==== ENTRIES PROVIDED

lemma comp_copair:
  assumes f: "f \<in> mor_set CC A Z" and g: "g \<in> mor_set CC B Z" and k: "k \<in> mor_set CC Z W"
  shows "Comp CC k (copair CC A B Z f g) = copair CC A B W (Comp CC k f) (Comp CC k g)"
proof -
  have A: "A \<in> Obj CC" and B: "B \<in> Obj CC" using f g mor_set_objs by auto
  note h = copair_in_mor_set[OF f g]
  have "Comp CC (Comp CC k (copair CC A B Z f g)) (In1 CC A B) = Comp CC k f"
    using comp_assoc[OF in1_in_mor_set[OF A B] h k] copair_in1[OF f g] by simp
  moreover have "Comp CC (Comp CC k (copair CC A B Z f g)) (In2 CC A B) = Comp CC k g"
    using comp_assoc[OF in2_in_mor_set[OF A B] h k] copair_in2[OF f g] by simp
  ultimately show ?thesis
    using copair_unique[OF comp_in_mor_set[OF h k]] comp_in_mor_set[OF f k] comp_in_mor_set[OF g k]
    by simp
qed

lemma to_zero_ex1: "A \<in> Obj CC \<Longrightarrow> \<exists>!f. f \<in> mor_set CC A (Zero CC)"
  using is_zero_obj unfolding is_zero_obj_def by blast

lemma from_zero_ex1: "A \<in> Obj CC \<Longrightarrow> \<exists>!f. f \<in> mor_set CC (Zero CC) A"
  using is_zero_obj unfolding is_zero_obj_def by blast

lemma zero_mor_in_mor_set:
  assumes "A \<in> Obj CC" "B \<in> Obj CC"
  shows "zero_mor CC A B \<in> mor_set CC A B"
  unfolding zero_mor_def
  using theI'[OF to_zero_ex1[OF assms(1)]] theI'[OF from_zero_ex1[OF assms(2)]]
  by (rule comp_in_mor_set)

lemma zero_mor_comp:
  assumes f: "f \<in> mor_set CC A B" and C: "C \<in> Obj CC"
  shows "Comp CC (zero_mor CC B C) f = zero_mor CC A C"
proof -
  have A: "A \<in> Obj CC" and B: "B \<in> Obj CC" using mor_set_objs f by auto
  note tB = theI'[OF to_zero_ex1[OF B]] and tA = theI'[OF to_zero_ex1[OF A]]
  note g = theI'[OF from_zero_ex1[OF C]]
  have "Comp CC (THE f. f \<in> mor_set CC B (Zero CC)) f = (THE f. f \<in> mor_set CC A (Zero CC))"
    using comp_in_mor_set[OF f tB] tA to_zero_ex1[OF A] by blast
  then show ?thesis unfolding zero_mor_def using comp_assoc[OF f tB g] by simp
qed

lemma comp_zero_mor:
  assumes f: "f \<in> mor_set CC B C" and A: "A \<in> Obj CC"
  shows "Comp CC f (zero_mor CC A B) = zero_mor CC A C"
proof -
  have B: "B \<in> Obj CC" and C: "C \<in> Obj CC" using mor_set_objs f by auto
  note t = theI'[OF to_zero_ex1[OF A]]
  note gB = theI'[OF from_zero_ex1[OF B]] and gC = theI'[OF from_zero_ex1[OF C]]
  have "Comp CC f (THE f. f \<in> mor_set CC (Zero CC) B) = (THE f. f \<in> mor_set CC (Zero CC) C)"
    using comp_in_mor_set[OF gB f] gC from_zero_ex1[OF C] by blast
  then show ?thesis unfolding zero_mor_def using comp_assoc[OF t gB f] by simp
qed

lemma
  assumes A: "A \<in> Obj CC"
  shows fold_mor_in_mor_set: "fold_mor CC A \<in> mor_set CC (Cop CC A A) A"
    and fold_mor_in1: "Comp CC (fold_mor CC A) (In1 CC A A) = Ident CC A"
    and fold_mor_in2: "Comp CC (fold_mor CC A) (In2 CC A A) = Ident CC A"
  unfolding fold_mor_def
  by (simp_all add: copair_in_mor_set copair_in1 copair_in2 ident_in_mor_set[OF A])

========
==== ENTRIES PROVIDED

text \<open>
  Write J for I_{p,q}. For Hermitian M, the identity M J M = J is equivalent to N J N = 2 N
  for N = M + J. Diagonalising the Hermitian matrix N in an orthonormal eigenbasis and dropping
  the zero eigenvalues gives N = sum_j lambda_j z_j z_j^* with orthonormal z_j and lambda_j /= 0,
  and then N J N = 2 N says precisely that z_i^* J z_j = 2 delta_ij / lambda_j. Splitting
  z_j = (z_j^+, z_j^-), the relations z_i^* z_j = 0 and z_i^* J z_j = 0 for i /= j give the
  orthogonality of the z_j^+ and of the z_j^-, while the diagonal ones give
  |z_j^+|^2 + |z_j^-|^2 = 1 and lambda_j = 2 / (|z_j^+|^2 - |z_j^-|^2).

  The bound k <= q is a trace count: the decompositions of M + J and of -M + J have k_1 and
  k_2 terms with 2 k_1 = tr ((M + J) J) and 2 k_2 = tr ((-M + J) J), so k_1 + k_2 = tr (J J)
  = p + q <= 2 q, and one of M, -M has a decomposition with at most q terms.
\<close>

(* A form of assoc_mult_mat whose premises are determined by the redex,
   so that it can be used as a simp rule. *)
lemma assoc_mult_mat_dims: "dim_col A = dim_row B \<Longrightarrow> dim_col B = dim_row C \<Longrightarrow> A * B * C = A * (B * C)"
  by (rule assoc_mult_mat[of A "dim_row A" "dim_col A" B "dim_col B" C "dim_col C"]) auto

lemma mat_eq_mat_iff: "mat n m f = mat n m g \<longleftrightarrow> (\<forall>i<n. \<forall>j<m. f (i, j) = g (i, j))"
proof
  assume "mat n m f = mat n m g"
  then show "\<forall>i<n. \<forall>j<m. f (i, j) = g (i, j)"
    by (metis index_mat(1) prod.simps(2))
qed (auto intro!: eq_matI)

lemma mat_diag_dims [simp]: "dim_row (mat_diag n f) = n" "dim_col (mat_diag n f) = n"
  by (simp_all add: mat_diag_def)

========

Print the lines above from the one with "g) = copair" through the one with "B (Zero CC))", both included, exactly as written and nothing more.

TASK RESPONSE:
  shows "Comp CC k (copair CC A B Z f g) = copair CC A B W (Comp CC k f) (Comp CC k g)"
proof -
  have A: "A \<in> Obj CC" and B: "B \<in> Obj CC" using f g mor_set_objs by auto
  note h = copair_in_mor_set[OF f g]
  have "Comp CC (Comp CC k (copair CC A B Z f g)) (In1 CC A B) = Comp CC k f"
    using comp_assoc[OF in1_in_mor_set[OF A B] h k] copair_in1[OF f g] by simp
  moreover have "Comp CC (Comp CC k (copair CC A B Z f g)) (In2 CC A B) = Comp CC k g"
    using comp_assoc[OF in2_in_mor_set[OF A B] h k] copair_in2[OF f g] by simp
  ultimately show ?thesis
    using copair_unique[OF comp_in_mor_set[OF h k]] comp_in_mor_set[OF f k] comp_in_mor_set[OF g k]
    by simp
qed

lemma to_zero_ex1: "A \<in> Obj CC \<Longrightarrow> \<exists>!f. f \<in> mor_set CC A (Zero CC)"
  using is_zero_obj unfolding is_zero_obj_def by blast

lemma from_zero_ex1: "A \<in> Obj CC \<Longrightarrow> \<exists>!f. f \<in> mor_set CC (Zero CC) A"
  using is_zero_obj unfolding is_zero_obj_def by blast

lemma zero_mor_in_mor_set:
  assumes "A \<in> Obj CC" "B \<in> Obj CC"
  shows "zero_mor CC A B \<in> mor_set CC A B"
  unfolding zero_mor_def
  using theI'[OF to_zero_ex1[OF assms(1)]] theI'[OF from_zero_ex1[OF assms(2)]]
  by (rule comp_in_mor_set)

lemma zero_mor_comp:
  assumes f: "f \<in> mor_set CC A B" and C: "C \<in> Obj CC"
  shows "Comp CC (zero_mor CC B C) f = zero_mor CC A C"
proof -
  have A: "A \<in> Obj CC" and B: "B \<in> Obj CC" using mor_set_objs f by auto
  note tB = theI'[OF to_zero_ex1[OF B]] and tA = theI'[OF to_zero_ex1[OF A]]
  note g = theI'[OF from_zero_ex1[OF C]]
  have "Comp CC (THE f. f \<in> mor_set CC B (Zero CC)) f = (THE f. f \<in> mor_set CC A (Zero CC))"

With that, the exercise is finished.